» SUPPLIED INFORMATION:
(* Let $\mathbb{F}$ be a field, $n\in\mathbb{N}$, $W$ a linear subspace of $\mathbb{F}^n$ and $v\in\mathbb{F}^n$. Then $(M(W)/^\bullet v)^*=M(W)^*\setminus^{\bullet} v$, that is, the dual of the matroid $M(W\cap\mathrm{span}(v)^\perp)$ equals $M(\mathrm{span}(W^\perp\cup\{v\}))$.
   Context: For $x,y\in\mathbb{F}^n$, $x\cdot y=\sum_i x_iy_i$, and for a subspace $U$, $U^\perp=\{x: x\cdot u=0\ \forall u\in U\}$. For a subspace $W\subseteq\mathbb{F}^n$, $M(W)$ is the matroid on ground set $\{1,\dots,n\}$ defined as the column matroid of a matrix whose rows form a basis of $W$ (a set of indices is independent iff the corresponding columns are linearly independent; this does not depend on the basis chosen). Contraction$^\bullet$: $M(W)/^\bullet v:=M(W\cap\mathrm{span}(v)^\perp)$. Deletion$^\bullet$: $M(W)\setminus^\bullet v:=M(\mathrm{span}(W\cup\{v\}))$, and $M(W)^*\setminus^\bullet v$ means $M(W^\perp)\setminus^\bullet v$. $M^*$ denotes the dual matroid (independent sets: sets disjoint from some basis of $M$). *)

theory Defs
  imports Main
begin

text \<open>Vectors of F^n are represented as functions nat => F vanishing outside {0..<n};
  coordinate i (0-based) corresponds to coordinate i+1 of the paper.
  The ground set {1..n} of the paper is represented as {0..<n}.\<close>

definition vecs :: "nat \<Rightarrow> (nat \<Rightarrow> 'a::field) set" where
  "vecs n = {x. \<forall>i\<ge>n. x i = 0}"

definition dotp :: "nat \<Rightarrow> (nat \<Rightarrow> 'a::field) \<Rightarrow> (nat \<Rightarrow> 'a) \<Rightarrow> 'a" where
  "dotp n x y = (\<Sum>i<n. x i * y i)"

definition is_subspace :: "nat \<Rightarrow> (nat \<Rightarrow> 'a::field) set \<Rightarrow> bool" where
  "is_subspace n W \<longleftrightarrow> W \<subseteq> vecs n \<and> (\<lambda>_. 0) \<in> W \<and>
     (\<forall>x\<in>W. \<forall>y\<in>W. (\<lambda>i. x i + y i) \<in> W) \<and>
     (\<forall>c. \<forall>x\<in>W. (\<lambda>i. c * x i) \<in> W)"

definition spanv :: "nat \<Rightarrow> (nat \<Rightarrow> 'a::field) set \<Rightarrow> (nat \<Rightarrow> 'a) set" where
  "spanv n S = \<Inter>{U. is_subspace n U \<and> S \<subseteq> U}"

definition perp :: "nat \<Rightarrow> (nat \<Rightarrow> 'a::field) set \<Rightarrow> (nat \<Rightarrow> 'a) set" where
  "perp n U = {x \<in> vecs n. \<forall>u\<in>U. dotp n x u = 0}"

definition lin_indep_list :: "(nat \<Rightarrow> 'a::field) list \<Rightarrow> bool" where
  "lin_indep_list bs \<longleftrightarrow>
     (\<forall>c. (\<lambda>i. \<Sum>j<length bs. c j * (bs ! j) i) = (\<lambda>_. 0) \<longrightarrow> (\<forall>j<length bs. c j = 0))"

definition is_basis_list :: "nat \<Rightarrow> (nat \<Rightarrow> 'a::field) set \<Rightarrow> (nat \<Rightarrow> 'a) list \<Rightarrow> bool" where
  "is_basis_list n W bs \<longleftrightarrow> set bs \<subseteq> vecs n \<and> lin_indep_list bs \<and> spanv n (set bs) = W"

text \<open>Column matroid of the matrix whose rows are bs (an k x n matrix, k = length bs):
  I is independent iff I is a set of column indices and the columns indexed by I
  are linearly independent in F^k.\<close>
definition col_indep :: "nat \<Rightarrow> (nat \<Rightarrow> 'a::field) list \<Rightarrow> nat set \<Rightarrow> bool" where
  "col_indep n bs I \<longleftrightarrow> I \<subseteq> {0..<n} \<and>
     (\<forall>c. (\<forall>j<length bs. (\<Sum>i\<in>I. c i * (bs ! j) i) = 0) \<longrightarrow> (\<forall>i\<in>I. c i = 0))"

text \<open>M(W): the column matroid of a matrix whose rows form a basis of W
  (a basis chosen by Hilbert choice), given by its independence predicate.\<close>
definition matroid_of :: "nat \<Rightarrow> (nat \<Rightarrow> 'a::field) set \<Rightarrow> nat set \<Rightarrow> bool" where
  "matroid_of n W = col_indep n (SOME bs. is_basis_list n W bs)"

definition matroid_basis :: "nat set \<Rightarrow> (nat set \<Rightarrow> bool) \<Rightarrow> nat set \<Rightarrow> bool" where
  "matroid_basis E ind B \<longleftrightarrow> B \<subseteq> E \<and> ind B \<and>
     (\<forall>X. X \<subseteq> E \<and> ind X \<and> B \<subseteq> X \<longrightarrow> X = B)"

definition dual_matroid :: "nat set \<Rightarrow> (nat set \<Rightarrow> bool) \<Rightarrow> nat set \<Rightarrow> bool" where
  "dual_matroid E ind I \<longleftrightarrow> I \<subseteq> E \<and> (\<exists>B. matroid_basis E ind B \<and> I \<inter> B = {})"

definition contract_bullet :: "nat \<Rightarrow> (nat \<Rightarrow> 'a::field) set \<Rightarrow> (nat \<Rightarrow> 'a) \<Rightarrow> nat set \<Rightarrow> bool" where
  "contract_bullet n W v = matroid_of n (W \<inter> perp n (spanv n {v}))"

definition delete_bullet :: "nat \<Rightarrow> (nat \<Rightarrow> 'a::field) set \<Rightarrow> (nat \<Rightarrow> 'a) \<Rightarrow> nat set \<Rightarrow> bool" where
  "delete_bullet n W v = matroid_of n (spanv n (W \<union> {v}))"

end

theory Submission
  imports Defs
begin

(* Say that J is independent for a subspace C when no nonzero vector of C is supported in J.
   A linear dependency among the columns of a matrix is a vector orthogonal to its rows, so
   M(U) is this matroid for C = U\<^sup>\<bottom>.  For every subspace C its dual is the same matroid for
   C\<^sup>\<bottom>: a set disjoint from a basis B supports no vector of C\<^sup>\<bottom>, by pairing such a vector with
   the fundamental circuits of B; conversely, a basis avoiding a C\<^sup>\<bottom>-independent set I is found
   by taking B maximal outside I, because vectors of C\<^sup>\<bottom> can be prescribed arbitrarily on any
   C-independent set.  The theorem then follows from U\<^sup>\<bottom>\<^sup>\<bottom> = U, as
   span(W\<^sup>\<bottom> \<union> {v})\<^sup>\<bottom> = W \<inter> span(v)\<^sup>\<bottom>. *)

definition supp_indep :: "nat \<Rightarrow> (nat \<Rightarrow> 'a::field) set \<Rightarrow> nat set \<Rightarrow> bool" where
  "supp_indep n C J \<longleftrightarrow> J \<subseteq> {0..<n} \<and> (\<forall>x\<in>C. (\<forall>i. i \<notin> J \<longrightarrow> x i = 0) \<longrightarrow> x = (\<lambda>_. 0))"

definition unit_vec :: "nat \<Rightarrow> nat \<Rightarrow> 'a::field" where
  "unit_vec k = (\<lambda>i. if i = k then 1 else 0)"

lemma unit_vec_in_vecs: "k < n \<Longrightarrow> unit_vec k \<in> vecs n"
  unfolding unit_vec_def vecs_def by auto

lemma dotp_commute: "dotp n x y = dotp n y x"
  unfolding dotp_def by (simp add: mult.commute)

lemma dotp_add_left: "dotp n (\<lambda>i. x i + y i) u = dotp n x u + dotp n y u"
  unfolding dotp_def by (simp add: distrib_right sum.distrib)

lemma dotp_scale_left: "dotp n (\<lambda>i. c * x i) u = c * dotp n x u"
  unfolding dotp_def by (simp add: sum_distrib_left mult.assoc)

lemma dotp_add_right: "dotp n u (\<lambda>i. x i + y i) = dotp n u x + dotp n u y"
  unfolding dotp_def by (simp add: distrib_left sum.distrib)

lemma dotp_scale_right: "dotp n u (\<lambda>i. c * x i) = c * dotp n u x"
  unfolding dotp_def by (simp add: sum_distrib_left mult.left_commute)

lemma dotp_diff_scale_right: "dotp n u (\<lambda>i. x i - c * y i) = dotp n u x - c * dotp n u y"
  unfolding dotp_def
  by (simp add: sum_distrib_left mult.left_commute right_diff_distrib sum_subtractf)

lemma dotp_zero_left [simp]: "dotp n (\<lambda>_. 0) u = 0"
  unfolding dotp_def by simp

lemma dotp_zero_right [simp]: "dotp n u (\<lambda>_. 0) = 0"
  unfolding dotp_def by simp

lemma dotp_Suc: "dotp (Suc n) x y = dotp n x y + x n * y n"
  unfolding dotp_def by simp

lemma dotp_eq_single_term:
  assumes "j < n" and "\<And>l. l < n \<Longrightarrow> l \<noteq> j \<Longrightarrow> y l * x l = 0"
  shows "dotp n y x = y j * x j"
proof -
  have "dotp n y x = y j * x j + (\<Sum>l\<in>{..<n} - {j}. y l * x l)"
    unfolding dotp_def using assms(1) by (simp add: sum.remove)
  also have "(\<Sum>l\<in>{..<n} - {j}. y l * x l) = 0"
    using assms(2) by (intro sum.neutral) auto
  finally show ?thesis by simp
qed

lemma dotp_unit_vec: "k < n \<Longrightarrow> dotp n (unit_vec k) x = x k"
  by (subst dotp_eq_single_term[of k]) (auto simp: unit_vec_def)

lemma vecs_0: "vecs 0 = {(\<lambda>_. 0)}"
  unfolding vecs_def by auto

lemma vecs_mono_Suc: "vecs n \<subseteq> vecs (Suc n)"
  unfolding vecs_def by auto

lemma in_vecs_iff_Suc: "x \<in> vecs n \<longleftrightarrow> x \<in> vecs (Suc n) \<and> x n = 0"
  unfolding vecs_def by (auto simp: Suc_le_eq) (metis le_neq_implies_less)

lemma dotp_Suc_vecs: "y \<in> vecs n \<Longrightarrow> dotp (Suc n) y x = dotp n y x"
  by (simp add: dotp_Suc vecs_def)

section \<open>Subspaces, spans and orthogonal complements\<close>

lemma subspace_in_vecs: "is_subspace n U \<Longrightarrow> U \<subseteq> vecs n"
  unfolding is_subspace_def by simp

lemma subspace_zero: "is_subspace n U \<Longrightarrow> (\<lambda>_. 0) \<in> U"
  unfolding is_subspace_def by simp

lemma subspace_add: "is_subspace n U \<Longrightarrow> x \<in> U \<Longrightarrow> y \<in> U \<Longrightarrow> (\<lambda>i. x i + y i) \<in> U"
  unfolding is_subspace_def by simp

» TASK ITEM: Only the lines of the data holding the string "using" are wanted; copy each of them.

» THE COMPLETED TASK:
    unfolding dotp_def using assms(1) by (simp add: sum.remove)
    using assms(2) by (intro sum.neutral) auto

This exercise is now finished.